◆ **What is needed**: Scan the records below for the string "components" and return every line where it appears.

◆ **Data supplied**:
(* Let $(P,\omega)$ be a canonically labeled sign-graded poset with $p$ elements and rank $r$. Then the Charney–Davis quantity $CD(P)=(-1)^{(p-1-r)/2}W(P,\omega;-1)$ is equal to the number of reverse alternating permutations in $\mathcal{L}(P,\omega)$ all of whose components have an odd number of letters.
   Context: $\omega:P\to\{1,\dots,p\}$ is a bijection; write $x\prec y$ if $y$ covers $x$, and $\epsilon(x,y)=1$ if $\omega(x)<\omega(y)$, $-1$ otherwise. $(P,\omega)$ is sign-graded of rank $r$ if $\sum_{i=1}^n\epsilon(x_{i-1},x_i)=r$ for every maximal chain $x_0\prec\cdots\prec x_n$; then each principal ideal $\Lambda_z=\{w\le z\}$ is likewise graded and $\rho(z)$ denotes its rank (the $\epsilon$-weight of any saturated chain from a minimal element to $z$). $\omega$ is canonical if $\rho$ takes values in $\{0,1\}$ and $\rho(x)<\rho(y)$ implies $\omega(x)<\omega(y)$. $\mathcal{L}(P,\omega)$ is the set of permutations $\omega(x_1)\cdots\omega(x_p)$ with $x_1,\dots,x_p$ a linear extension of $P$, and $W(P,\omega;t)=\sum_{\pi\in\mathcal{L}(P,\omega)}t^{\mathrm{des}(\pi)}$, $\mathrm{des}(\pi)=\#\{i:\pi_i>\pi_{i+1}\}$. (When $p-1-r$ is odd, $W(P,\omega;-1)=0$ and $CD(P)$ is $0$.) A permutation $\pi=\pi_1\cdots\pi_n$ is reverse alternating if $\pi_1<\pi_2>\pi_3<\cdots$. The components of $\pi\in\mathcal{L}(P,\omega)$ are the words $w_0,\dots,w_k$ in the factorization $\pi=w_0w_1\cdots w_k$ into maximal consecutive subwords such that all letters $a$ of a given $w_i$ have the same value $\rho(\omega^{-1}(a))$. *)

theory Defs
  imports Main
begin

◆ **Exercise answer**:
(* Let $(P,\omega)$ be a canonically labeled sign-graded poset with $p$ elements and rank $r$. Then the Charney–Davis quantity $CD(P)=(-1)^{(p-1-r)/2}W(P,\omega;-1)$ is equal to the number of reverse alternating permutations in $\mathcal{L}(P,\omega)$ all of whose components have an odd number of letters.
   Context: $\omega:P\to\{1,\dots,p\}$ is a bijection; write $x\prec y$ if $y$ covers $x$, and $\epsilon(x,y)=1$ if $\omega(x)<\omega(y)$, $-1$ otherwise. $(P,\omega)$ is sign-graded of rank $r$ if $\sum_{i=1}^n\epsilon(x_{i-1},x_i)=r$ for every maximal chain $x_0\prec\cdots\prec x_n$; then each principal ideal $\Lambda_z=\{w\le z\}$ is likewise graded and $\rho(z)$ denotes its rank (the $\epsilon$-weight of any saturated chain from a minimal element to $z$). $\omega$ is canonical if $\rho$ takes values in $\{0,1\}$ and $\rho(x)<\rho(y)$ implies $\omega(x)<\omega(y)$. $\mathcal{L}(P,\omega)$ is the set of permutations $\omega(x_1)\cdots\omega(x_p)$ with $x_1,\dots,x_p$ a linear extension of $P$, and $W(P,\omega;t)=\sum_{\pi\in\mathcal{L}(P,\omega)}t^{\mathrm{des}(\pi)}$, $\mathrm{des}(\pi)=\#\{i:\pi_i>\pi_{i+1}\}$. (When $p-1-r$ is odd, $W(P,\omega;-1)=0$ and $CD(P)$ is $0$.) A permutation $\pi=\pi_1\cdots\pi_n$ is reverse alternating if $\pi_1<\pi_2>\pi_3<\cdots$. The components of $\pi\in\mathcal{L}(P,\omega)$ are the words $w_0,\dots,w_k$ in the factorization $\pi=w_0w_1\cdots w_k$ into maximal consecutive subwords such that all letters $a$ of a given $w_i$ have the same value $\rho(\omega^{-1}(a))$. *)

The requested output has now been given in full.